Does this reflect a deeper problem?

Does anxiety at bedtime indicate some deep-seated insecurity? Does the fear mean there is some deeper psychological problem? Sometimes bedtime fears can be part of a bigger problem with anxiety that might need professional attention, but usually, the answer is no. Every child is afraid to sleep alone sometimes. Most kids who develop chronic anxious sleep patterns do so because a habit starts and gets perpetuated. Stress at school, arguments at home, worry about failure, a frightening movie–all these can contribute to an anxious night and increased dependency on parents.

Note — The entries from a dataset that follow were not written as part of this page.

lemma mon_le_var_gt_iff: "mon_le var_gt m m' \<longleftrightarrow> m \<le> m'"
  unfolding mon_le_def var_gt_iff_less less_eq_poly_mapping.rep_eq less_fun_def lookup_inject
  by (rule iffI) (erule disjE; blast)+

lemma less_poly_mappingI:
  fixes m m' :: "'a::linorder \<Rightarrow>\<^sub>0 'b::{zero,linorder}"
  assumes "lookup m k < lookup m' k" and "\<And>k'. k' < k \<Longrightarrow> lookup m k' = lookup m' k'"
  shows "m < m'"
  using assms unfolding less_poly_mapping.rep_eq less_fun_def by blast

abbreviation ht :: "'k::comm_ring_1 mpoly \<Rightarrow> mon" where
  "ht \<equiv> HT var_gt"

lemma HT_eqI:
  fixes p :: "'k::comm_ring_1 mpoly"
  assumes "m \<in> keys p" and "\<And>m'. m' \<in> keys p \<Longrightarrow> m' \<le> m"
  shows "ht p = m"
  unfolding HT_def mon_le_var_gt_iff
  by (rule the_equality) (use assms in \<open>auto intro: antisym\<close>)

lemma HT_eq_Max:
  fixes p :: "'k::comm_ring_1 mpoly"
  assumes "p \<noteq> 0"
  shows "ht p = Max (keys p)"
  using assms by (intro HT_eqI) auto

lemma HT_in_keys: "p \<noteq> 0 \<Longrightarrow> ht p \<in> keys p"
  by (simp add: HT_eq_Max)

lemma le_HT: "m \<in> keys p \<Longrightarrow> m \<le> ht p"
  using HT_eq_Max[of p] by fastforce

definition mons_over :: "(nat \<times> nat) set \<Rightarrow> mon set" where
  "mons_over V = {m. keys m \<subseteq> V}"

lemma mons_over_add: "a \<in> mons_over V \<Longrightarrow> b \<in> mons_over V \<Longrightarrow> a + b \<in> mons_over V"
  using keys_add[of a b] by (auto simp: mons_over_def)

For other children, bedtime anxiety is just one part of broader challenges with anxiety or difficulty self-regulating emotional reactions. The child might have separation anxiety, a tendency to worry a lot, fears about illness, a lot of temper outbursts, or difficulty managing transitions. Or the child might have ADHD or a learning disability. But that does NOT mean that the sleep problem cannot get better until all those other problems improve. Fixing the sleep problem can give everyone the energy and confidence to work on the other problems.

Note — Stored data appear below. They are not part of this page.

lemma submatrix_principal:
  assumes R: "R \<in> carrier_mat n n" and I: "I \<subseteq> {0..<n}"
  shows "submatrix R I I \<in> carrier_mat (card I) (card I)"
    and "\<And>a b. a < card I \<Longrightarrow> b < card I \<Longrightarrow> submatrix R I I $$ (a,b) = R $$ (pick I a, pick I b)"
    and "\<And>a. a < card I \<Longrightarrow> pick I a \<in> I"
proof -
  have "{i. i < n \<and> i \<in> I} = I" using I by auto
  then have card: "card {i. i < dim_row R \<and> i \<in> I} = card I" "card {i. i < dim_col R \<and> i \<in> I} = card I"
    using R by auto
  show "submatrix R I I \<in> carrier_mat (card I) (card I)"
    by (rule carrier_matI) (simp_all only: dim_submatrix card)
  show "submatrix R I I $$ (a,b) = R $$ (pick I a, pick I b)" if "a < card I" "b < card I" for a b
    by (rule submatrix_index) (simp_all only: card that)
  show "pick I a \<in> I" if "a < card I" for a
    using that by (rule pick_in_set[OF disjI1])
qed

lemma weighted_diag_dominant_submatrix:
  assumes dom: "weighted_diag_dominant R n w" and I: "I \<subseteq> {0..<n}"
  shows "weighted_diag_dominant (submatrix R I I) (card I) (w \<circ> pick I)"
proof -
  have R: "R \<in> carrier_mat n n" and wpos: "\<forall>i<n. w i > 0"
    and dd: "\<And>i. i<n \<Longrightarrow> (\<Sum>k\<in>{0..<n}-{i}. w k * \<bar>R $$ (i,k)\<bar>) \<le> w i * R $$ (i,i)"
    using dom unfolding weighted_diag_dominant_def by auto
  note S = submatrix_principal[OF R I]
  have pick_lt: "pick I a < n" if "a < card I" for a using S(3)[OF that] I by auto
  have "(\<Sum>a\<in>{0..<card I}-{b}. (w \<circ> pick I) a * \<bar>submatrix R I I $$ (b,a)\<bar>)
      \<le> (w \<circ> pick I) b * submatrix R I I $$ (b,b)" if b: "b < card I" for b
  proof -
    have inj: "inj_on (pick I) ({0..<card I}-{b})"
      using inj_on_pick by (rule inj_on_subset) blast
    have "pick I ` ({0..<card I}-{b}) \<subseteq> {0..<n}-{pick I b}"
      using inj_onD[OF inj_on_pick[of I]] b pick_lt by fastforce
    then have "(\<Sum>k\<in>pick I ` ({0..<card I}-{b}). w k * \<bar>R $$ (pick I b, k)\<bar>)
        \<le> (\<Sum>k\<in>{0..<n}-{pick I b}. w k * \<bar>R $$ (pick I b, k)\<bar>)"
      using wpos by (intro sum_mono2) (auto simp: less_imp_le)
    also have "\<dots> \<le> w (pick I b) * R $$ (pick I b, pick I b)" using dd[OF pick_lt[OF b]] .
    finally show ?thesis
      using b by (simp add: S(2) sum.reindex[OF inj])
  qed
  then show ?thesis
    unfolding weighted_diag_dominant_def using S(1) wpos pick_lt by auto
qed

lemma transpose_submatrix:
  assumes M: "M \<in> carrier_mat n n" and I: "I \<subseteq> {0..<n}"
  shows "transpose_mat (submatrix M I I) = submatrix (transpose_mat M) I I"
proof -
  have Mt: "transpose_mat M \<in> carrier_mat n n" using M by simp
  note S = submatrix_principal[OF M I] and St = submatrix_principal[OF Mt I]
  have "pick I a < n" if "a < card I" for a using S(3)[OF that] I by auto
  then show ?thesis
    using S(1,2) St(1,2) M by (intro eq_matI) auto
qed

lemma P0_matrix_if_weighted_diag_dominant:
  assumes dom: "weighted_diag_dominant M n w"
  shows "P0_matrix M"
  unfolding P0_matrix_def
proof (intro conjI allI impI)
  have M: "M \<in> carrier_mat n n" using dom unfolding weighted_diag_dominant_def by simp
  then show "square_mat M" by simp
  fix I assume "I \<subseteq> {0..<dim_row M} \<and> I \<noteq> {}"
  then have "I \<subseteq> {0..<n}" using M by simp
  then show "det (submatrix M I I) \<ge> 0"
    by (rule weighted_diag_dominant_det_nonneg[OF weighted_diag_dominant_submatrix[OF dom]])
qed

lemma P0_matrix_transpose:
  assumes M: "M \<in> carrier_mat n n" and P0: "P0_matrix (transpose_mat M)"
  shows "P0_matrix M"
  unfolding P0_matrix_def
proof (intro conjI allI impI)
  show "square_mat M" using M by simp
  fix I assume "I \<subseteq> {0..<dim_row M} \<and> I \<noteq> {}"
  moreover have I: "I \<subseteq> {0..<n}" using calculation M by simp
  ultimately have "det (submatrix (transpose_mat M) I I) \<ge> 0"
    using P0 M unfolding P0_matrix_def by simp
  then show "det (submatrix M I I) \<ge> 0"
    using det_transpose[OF submatrix_principal(1)[OF M I]] transpose_submatrix[OF M I] by simp
qed

lemma eigenvalue_transpose_of_real:
  assumes M: "M \<in> carrier_mat n n" and ev: "eigenvalue (map_mat complex_of_real M) z"
  shows "eigenvalue (map_mat complex_of_real (transpose_mat M)) z"
proof -
  have Mc: "map_mat complex_of_real M \<in> carrier_mat n n" using M by simp
  have Mtc: "map_mat complex_of_real (transpose_mat M) \<in> carrier_mat n n" using M by simp
  have "transpose_mat (map_mat complex_of_real M) = map_mat complex_of_real (transpose_mat M)"
    by (intro eq_matI) auto
  then have "char_poly (map_mat complex_of_real (transpose_mat M)) = char_poly (map_mat complex_of_real M)"
    using char_poly_transpose_mat[OF Mc] by simp
  then show ?thesis
    using ev unfolding eigenvalue_root_char_poly[OF Mc] eigenvalue_root_char_poly[OF Mtc] by simp
qed

lemma positive_semistable_if_weighted_diag_dominant:
  assumes dom: "weighted_diag_dominant M n w"
  shows "positive_semistable M"
  unfolding positive_semistable_def
  using dom weighted_diag_dominant_Re_eigenvalue_nonneg[OF dom]
  unfolding weighted_diag_dominant_def by auto

lemma positive_semistable_transpose:
  assumes M: "M \<in> carrier_mat n n" and st: "positive_semistable (transpose_mat M)"
  shows "positive_semistable M"
  using M st eigenvalue_transpose_of_real[OF M] unfolding positive_semistable_def by simp

section \<open>Products with a sparse column pattern\<close>

lemma card_le_two_cases:
  assumes "finite S" "card S \<le> 2" "i \<in> S" "k \<in> S" "i \<noteq> k" "a \<in> S"
  shows "a = i \<or> a = k"
proof (rule ccontr)
  assume "\<not> (a = i \<or> a = k)"
  then have "card {i, k, a} = 3" using assms(5) by auto
  moreover have "card {i, k, a} \<le> card S" using assms by (intro card_mono) auto
  ultimately show False using assms(2) by simp
qed

definition column_balancing :: "real mat \<Rightarrow> (nat \<Rightarrow> real) \<Rightarrow> nat set \<Rightarrow> bool" where
  "column_balancing A w J \<longleftrightarrow> (\<forall>c\<in>J. \<forall>a<dim_row A. \<forall>b<dim_row A.
     A $$ (a,c) \<noteq> 0 \<longrightarrow> A $$ (b,c) \<noteq> 0 \<longrightarrow> w a * \<bar>A $$ (a,c)\<bar> = w b * \<bar>A $$ (b,c)\<bar>)"

lemma column_balancingD:
  assumes "column_balancing A w J" "c \<in> J" "a < dim_row A" "b < dim_row A"
    "A $$ (a,c) \<noteq> 0" "A $$ (b,c) \<noteq> 0"
  shows "w a * \<bar>A $$ (a,c)\<bar> = w b * \<bar>A $$ (b,c)\<bar>"
  using assms unfolding column_balancing_def by blast

lemma balanced_column_off_sum_le:
  fixes w :: "nat \<Rightarrow> real"
  assumes A: "A \<in> carrier_mat n m" and j: "j \<in> J" and k: "k < n"
    and two: "card {i. i < n \<and> A $$ (i,j) \<noteq> 0} \<le> 2"
    and bal: "column_balancing A w J" and Akj: "A $$ (k,j) \<noteq> 0" and wk: "w k \<ge> 0"
  shows "(\<Sum>i\<in>{0..<n}-{k}. w i * \<bar>A $$ (i,j)\<bar>) \<le> w k * \<bar>A $$ (k,j)\<bar>"
proof (cases "\<exists>i<n. i \<noteq> k \<and> A $$ (i,j) \<noteq> 0")
  case False
  then have "(\<Sum>i\<in>{0..<n}-{k}. w i * \<bar>A $$ (i,j)\<bar>) = 0" by (intro sum.neutral) auto
  then show ?thesis using wk by simp
next
  case True
  then obtain i where i: "i < n" "i \<noteq> k" "A $$ (i,j) \<noteq> 0" by blast
  have "A $$ (a,j) = 0" if "a \<in> {0..<n}-{k,i}" for a
    using card_le_two_cases[OF _ two, of k i a] that i k Akj by auto
  then have "(\<Sum>a\<in>{0..<n}-{k}. w a * \<bar>A $$ (a,j)\<bar>) = (\<Sum>a\<in>{i}. w a * \<bar>A $$ (a,j)\<bar>)"
    using i by (intro sum.mono_neutral_right) auto
  also have "\<dots> = w k * \<bar>A $$ (k,j)\<bar>"
    using column_balancingD[OF bal j, of i k] i k Akj A by simp
  finally show ?thesis by simp
qed

lemma Q0_transpose_carrier:
  "A \<in> carrier_mat n m \<Longrightarrow> B \<in> Q0 (transpose_mat A) \<Longrightarrow> B \<in> carrier_mat m n"
  unfolding Q0_def by simp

Your job is to provide the right kind and the right amount of reassurance. By developing his capacity to soothe himself, your child masters his fears. This mastery and independence will generalize to other aspects of your child’s life, adding to his sense of confidence and strength in whatever he undertakes. Kids who can comfort themselves are more self-reliant, more capable, and more self-confident.

So why do parents allow their kids to sleep with them?

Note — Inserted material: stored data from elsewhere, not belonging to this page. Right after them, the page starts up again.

(* Let $\mathcal{R}$ be the universal $R$-matrix of $U_q(\mathfrak{su}_2)$, $\mu=q^{2H}$, and $Q=(q-q^{-1})^2FE+q^{2H+1}+q^{-2H-1}$. Then $$\mathrm{Tr}_1^{(1/2)}\big(\mathcal{R}_{21}\mathcal{R}_{31}\mathcal{R}_{13}\mathcal{R}_{12}(\mu\otimes1\otimes1)\big)=\Delta(Q),$$ where $\mathrm{Tr}_1^{(1/2)}$ means representing the first tensor factor in the spin-$1/2$ representation and tracing over it.
   Context: $q$ generic complex, $U_q(\mathfrak{su}_2)$ generated by $E,F,q^H$ with $q^HE=qEq^H$, $q^HF=q^{-1}Fq^H$, $[E,F]=[2H]_q$, $[x]_q=(q^x-q^{-x})/(q-q^{-1})$; coproduct $\Delta(E)=E\otimes q^{-H}+q^H\otimes E$, $\Delta(F)=F\otimes q^{-H}+q^H\otimes F$, $\Delta(q^H)=q^H\otimes q^H$. $\mathcal{R}=\sum_{k\ge0}\frac{(q-q^{-1})^k}{[k]_q!}q^{-k(k+1)/2}(F\otimes E)^k(q^{kH}\otimes q^{-kH})q^{2(H\otimes H)}=\mathcal{R}^\alpha\otimes\mathcal{R}_\alpha$; leg notation: $\mathcal{R}_{12}=\mathcal{R}^\alpha\otimes\mathcal{R}_\alpha\otimes1$, $\mathcal{R}_{13}=\mathcal{R}^\alpha\otimes1\otimes\mathcal{R}_\alpha$, $\mathcal{R}_{21}=\mathcal{R}_\alpha\otimes\mathcal{R}^\alpha\otimes1$, $\mathcal{R}_{31}=\mathcal{R}_\alpha\otimes1\otimes\mathcal{R}^\alpha$. Spin-$1/2$ representation: basis $|1/2,\pm1/2\rangle$ with $E|1/2,m\rangle=[1/2-m]_q|1/2,m+1\rangle$, $F|1/2,m\rangle=[1/2+m]_q|1/2,m-1\rangle$, $H|1/2,m\rangle=m|1/2,m\rangle$. Equalities are understood as operators on tensor products of finite-dimensional spin representations. *)

theory Defs
  imports Complex_Main
begin

text \<open>We fix h with q = exp h and put q^x := exp (x h) for real x
(this fixes the branch for the fractional powers q^(2 m1 m2) etc.).
A spin representation of spin j is described by its dimension n = 2j+1; its basis
vectors are indexed by i < n, the basis vector with index i having weight
m = i - (n-1)/2.  Operators on tensor products are given by their matrix
entries in the product basis.\<close>

definition qpow :: "complex \<Rightarrow> real \<Rightarrow> complex" where
  "qpow h x = exp (complex_of_real x * h)"

definition qnum :: "complex \<Rightarrow> real \<Rightarrow> complex" where
  "qnum h x = (qpow h x - qpow h (-x)) / (qpow h 1 - qpow h (-1))"

definition qfact :: "complex \<Rightarrow> nat \<Rightarrow> complex" where
  "qfact h k = (\<Prod>i=1..k. qnum h (real i))"

definition wt :: "nat \<Rightarrow> nat \<Rightarrow> real" where
  "wt n i = real i - (real n - 1) / 2"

Some examples of what parents say:

  • I want my child to feel secure. I just can’t stand the thought of my child being alone and feeling so scared. I’m afraid that if I push my child to sleep alone when he’s not ready, it will really hurt him psychologically. After all, sleeping together is natural, isn’t it? Maybe he’s just not ready.
  • I want my child to sleep alone but I don’t know what more I can do. She has always been a poor sleeper. My child puts up such a fuss! I’ve tried being reassuring and reasonable and firm but she gets so upset and so persistent. I get impatient and that gets us nowhere. I just end up giving in. We’ve created a monster!
  • It just seems like the only way anybody can get any sleep.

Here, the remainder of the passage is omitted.